START STUDY MATERIAL
lemma adj_subdivide_leaf_vertex:
  assumes F: "F \<subseteq> leafless_edges"
  shows "adj (subdivide T F) (Inl u') y \<longleftrightarrow> y = Inl u"
proof (cases y)
  case (Inl q)
  have "{u', q} \<in> edges T - F \<longleftrightarrow> q = u"
    using leaf_nbr leaf_edge leaf_edge_not_leafless F unfolding adj_def
    by (auto simp: insert_commute)
  then show ?thesis using Inl by (simp add: adj_subdivide)
next
  case (Inr e)
  then show ?thesis using leafless_edge_end F by (auto simp: adj_subdivide)
qed

lemma piece_no_isolated:
  assumes F: "F \<subseteq> leafless_edges" and x: "x \<in> piece F"
  shows "\<exists>y\<in>piece F. adj (subdivide T F) x y"
proof (cases x)
  case (Inl a)
  then have a: "a \<in> verts T" "a \<noteq> u'" using x by auto
  obtain b where b: "{a, b} \<in> edges T" "b \<noteq> u'" using vertex_has_edge a by blast
  show ?thesis
  proof (cases "{a, b} \<in> F")
    case True
    then show ?thesis using Inl by (intro bexI[of _ "Inr {a, b}"]) (auto simp: adj_subdivide)
  next
    case False
    then show ?thesis using Inl b edge_ends_verts by (intro bexI[of _ "Inl b"]) (auto simp: adj_subdivide)
  qed
next
  case (Inr e)
  then have e: "e \<in> F" using x by simp
  obtain a b where ab: "a \<in> verts T" "a \<noteq> u'" "e = {a, b}"
    using leafless_edge_ends F e by blast
  then show ?thesis using Inr e by (intro bexI[of _ "Inl a"]) (auto simp: adj_subdivide)
qed

lemma rooted_piece_subdivide: "F \<subseteq> leafless_edges \<Longrightarrow> rooted_piece (subdivide T F) (piece F) (Inl u)"
  using finite_piece finite_leafless leaf_edge_ends piece_no_isolated
  by (intro rooted_piece.intro) auto

lemma pendant_piece_subdivide:
  assumes F: "F \<subseteq> leafless_edges"
  shows "pendant_piece (subdivide T F) (piece F) (Inl u) (Inl u')"
proof (intro pendant_piece.intro attached_piece.intro attached_piece_axioms.intro
    pendant_piece_axioms.intro rooted_piece_subdivide[OF F])
  show "verts (subdivide T F) = insert (Inl u') (piece F)"
    unfolding verts_subdivide piece_def using leaf_edge_ends(2) by auto
  then show "piece F \<subseteq> verts (subdivide T F)" by blast
  show "\<forall>x\<in>piece F - {Inl u}. \<forall>y. adj (subdivide T F) x y \<longrightarrow> y \<in> piece F"
    using adj_piece_closed[OF F] by blast
  show "\<forall>y. adj (subdivide T F) (Inl u') y = (y = Inl u)"
    using adj_subdivide_leaf_vertex[OF F] by simp
qed simp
END STUDY MATERIAL
Scan the entries above and show each line that contains the word "obtain".

▶ [WRITTEN ANSWER]
  obtain b where b: "{a, b} \<in> edges T" "b \<noteq> u'" using vertex_has_edge a by blast
  obtain a b where ab: "a \<in> verts T" "a \<noteq> u'" "e = {a, b}"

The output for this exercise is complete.